Pirbuterol

Clinical data
- Trade names: Maxair
- AHFS/Drugs.com: Consumer Drug Information
- MedlinePlus: a601096
- Pregnancy category: C;
- Routes of administration: Inhalational (MDI)
- ATC code: R03AC08 (WHO) R03CC07 (WHO);

Legal status
- Legal status: AU: S4 (Prescription only); US: ℞-only;

Identifiers
- IUPAC name (RS)-6-[2-(tert-butylamino)-1-hydroxyethyl]-2-(hydroxymethyl)pyridin-3-ol;
- CAS Number: 38677-81-5; HCl: 38029-10-6;
- PubChem CID: 4845;
- IUPHAR/BPS: 7272;
- DrugBank: DB01291;
- ChemSpider: 4679;
- UNII: OG645J8RVW; HCl: J6793T658K;
- KEGG: D08387;
- ChEMBL: ChEMBL1094966;
- CompTox Dashboard (EPA): DTXSID0046937 ;

Chemical and physical data
- Formula: C_{12}H_{20}N_{2}O_{3}
- Molar mass: 240.303 g·mol^{−1}
- 3D model (JSmol): Interactive image;
- Chirality: Racemic mixture
- SMILES Oc1ccc(nc1CO)C(O)CNC(C)(C)C;
- InChI InChI=1S/C12H20N2O3/c1-12(2,3)13-6-11(17)8-4-5-10(16)9(7-15)14-8/h4-5,11,13,15-17H,6-7H2,1-3H3; Key:VQDBNKDJNJQRDG-UHFFFAOYSA-N;

= Pirbuterol =

Chemical compound

Pirbuterol (trade name Maxair) is a short-acting β_{2} adrenoreceptor agonist with bronchodilating action used in the treatment of asthma, available (as pirbuterol acetate) as a breath-activated metered-dose inhaler.

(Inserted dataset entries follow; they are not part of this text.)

theorem lemma1:
  fixes G :: "nat \<Rightarrow> nat set set pmf"
  assumes "random_network_model G"
      and "FED G"
  shows "US G"
  unfolding US_iff_sparse_graphs
proof (intro allI impI)
  fix \<epsilon> :: real assume \<epsilon>: "\<epsilon> > 0"
  then have "\<epsilon>\<^sup>2 / 4 > 0" by simp
  then obtain D where "\<forall>\<^sub>F n in sequentially.
      measure_pmf.expectation (G n) (\<lambda>E. heavy_degree_sum D n E / real n) < \<epsilon>\<^sup>2 / 4"
    by (rule FED_mean_degree_tail_eventually_less[OF assms])
  with eventually_gt_at_top[of 0]
  have "\<forall>\<^sub>F n in sequentially.
      measure_pmf.prob (G n) (sparse_graphs \<epsilon> (2 * (real D + 1)) n) \<ge> 1 - \<epsilon>"
    by eventually_elim (rule prob_sparse_graphs_ge[OF assms(1) \<epsilon>])
  then show "\<exists>C>0. \<forall>\<^sub>F n in sequentially. measure_pmf.prob (G n) (sparse_graphs \<epsilon> C n) \<ge> 1 - \<epsilon>"
    by (intro exI[of _ "2 * (real D + 1)"] conjI) simp_all
qed

end
(* Consider the dynamic trial-offer market with social influence under the quality ranking with $n\ge2$ products, visibilities $v_1\ge v_2\ge\cdots\ge v_n>0$, initial appeals $A_1,\dots,A_n>0$ and qualities $1\ge q_1>q_2>\cdots>q_n\ge 0$. Then almost surely $\frac{d_{1,t}}{\sum_{j=1}^n d_{j,t}}\to1$ as $t\to\infty$, i.e. the market converges almost surely to a monopoly for product 1 (the product of highest quality).
   Context: Dynamic trial-offer market with social influence under the quality ranking: product $i$ is permanently displayed in position $i$ with visibility $v_i$. Let $d_{i,t}$ be the number of purchases of product $i$ before step $t$ ($d_{i,1}=0$) and $a_{i,t}=A_i+d_{i,t}$. At step $t$ one participant tries product $i$ with probability $\frac{v_i a_{i,t}}{\sum_j v_j a_{j,t}}$, then purchases it with probability $q_i$ (independently); if purchased, $d_{i,t+1}=d_{i,t}+1$, all other counts unchanged. The market share of product $i$ at step $t$ is $d_{i,t}/\sum_j d_{j,t}$. *)

theory Defs
  imports "HOL-Probability.Probability"
begin

text \<open>A market state d assigns to each product
its number of purchases so far. The randomness of one step is encoded by two
numbers u, w in [0,1] (to be drawn independently and uniformly): u selects the
product to be tried (inverse-CDF sampling with the trial probabilities
v_i a_i / (sum_j v_j a_j)), and the tried product i is purchased iff w < q_i.\<close>

definition weight_total :: "nat \<Rightarrow> (nat \<Rightarrow> real) \<Rightarrow> (nat \<Rightarrow> real) \<Rightarrow> (nat \<Rightarrow> nat) \<Rightarrow> real" where
  "weight_total n v A d = (\<Sum>j\<in>{1..n}. v j * (A j + real (d j)))"

definition cum_try_prob :: "nat \<Rightarrow> (nat \<Rightarrow> real) \<Rightarrow> (nat \<Rightarrow> real) \<Rightarrow> (nat \<Rightarrow> nat) \<Rightarrow> nat \<Rightarrow> real" where
  "cum_try_prob n v A d i = (\<Sum>j\<in>{1..i}. v j * (A j + real (d j))) / weight_total n v A d"

definition tried_product :: "nat \<Rightarrow> (nat \<Rightarrow> real) \<Rightarrow> (nat \<Rightarrow> real) \<Rightarrow> (nat \<Rightarrow> nat) \<Rightarrow> real \<Rightarrow> nat" where
  "tried_product n v A d u =
     (if \<exists>i\<in>{1..n}. u < cum_try_prob n v A d i
      then (LEAST i. 1 \<le> i \<and> i \<le> n \<and> u < cum_try_prob n v A d i)
      else n)"
lemma col_level_unique: "col_level m n A = b"
proof
  fix k show "col_level m n A k = b k"
  proof (cases "k < n")
    case True
    have "{T \<in> supports m n A. k \<in> T} = step_columns ` {l \<in> {1..j}. k \<in> step_columns l}"
      unfolding supports_eq image_filter ..
    moreover have "inj_on step_columns {l \<in> {1..j}. k \<in> step_columns l}"
      by (rule inj_on_subset[OF step_columns_inj]) auto
    ultimately have "col_rank m n A k = card {l \<in> {1..j}. k \<in> step_columns l}"
      unfolding col_rank_def by (simp add: card_image)
    also have "{l \<in> {1..j}. k \<in> step_columns l} = (if b k = 0 then {} else {1..j + 1 - b k})"
      using True level_maps_le[OF b True] unfolding step_columns_def by auto
    finally show ?thesis
      using True level_maps_le[OF b True] by (auto simp: col_level_def num_steps_unique)
  qed (use level_maps_extensional[OF b] in \<open>simp add: col_level_def\<close>)
qed

end


section \<open>Staircase matrices are strong lonesum\<close>

lemma zero_sum_signs:
  fixes f :: "'a \<Rightarrow> int"
  assumes "finite S" "sum f S = 0" "x \<in> S" "f x \<noteq> 0"
  shows "\<exists>y\<in>S. f y < 0" and "\<exists>y\<in>S. 0 < f y"
proof -
  show "\<exists>y\<in>S. f y < 0"
    using sum_nonneg_eq_0_iff[of S f] assms by force
  show "\<exists>y\<in>S. 0 < f y"
    using sum_nonneg_eq_0_iff[of S "\<lambda>y. - f y"] assms by (force simp: sum_negf)
qed

lemma zero_line_sums_orthogonal:
  fixes D :: "nat \<Rightarrow> nat \<Rightarrow> int"
  assumes rows: "\<And>i. i < m \<Longrightarrow> (\<Sum>k<n. D i k) = 0"
    and cols: "\<And>k. k < n \<Longrightarrow> (\<Sum>i<m. D i k) = 0"
  shows "(\<Sum>i<m. \<Sum>k<n. D i k * (c - u i - v k)) = 0"
proof -
  have "(\<Sum>i<m. \<Sum>k<n. D i k * (c - u i - v k)) =
      (\<Sum>i<m. \<Sum>k<n. (c - u i) * D i k) - (\<Sum>i<m. \<Sum>k<n. v k * D i k)"
    by (simp add: algebra_simps sum_subtractf sum.distrib)
  also have "\<dots> = (\<Sum>i<m. (c - u i) * (\<Sum>k<n. D i k)) - (\<Sum>k<n. v k * (\<Sum>i<m. D i k))"
    by (simp add: sum_distrib_left sum.swap[of _ "{..<m}"])
  also have "\<dots> = 0" by (simp add: rows cols)
  finally show ?thesis .
qed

It was patented in 1971 and came into medical use in 1983.

==Medical use==
Pirbuterol is used in asthma for reversal of acute bronchospasm, and also as a maintenance medication to prevent future attacks. It should be used in patients 12 years of age and older with or without concurrent theophylline and/or inhaled corticosteroid.

==Pharmacokinetics==
After inhalation of doses up to 800 μg (twice the maximum recommended dose) systemic blood levels of pirbuterol are below the limit of assay sensitivity (2–5 ng/ml). A mean of 51% of the dose is recovered in urine as pirbuterol plus its sulfate conjugate following administration by aerosol. Pirbuterol is not metabolized by catechol-O-methyltransferase. The plasma half-life measured after oral administration is about two hours.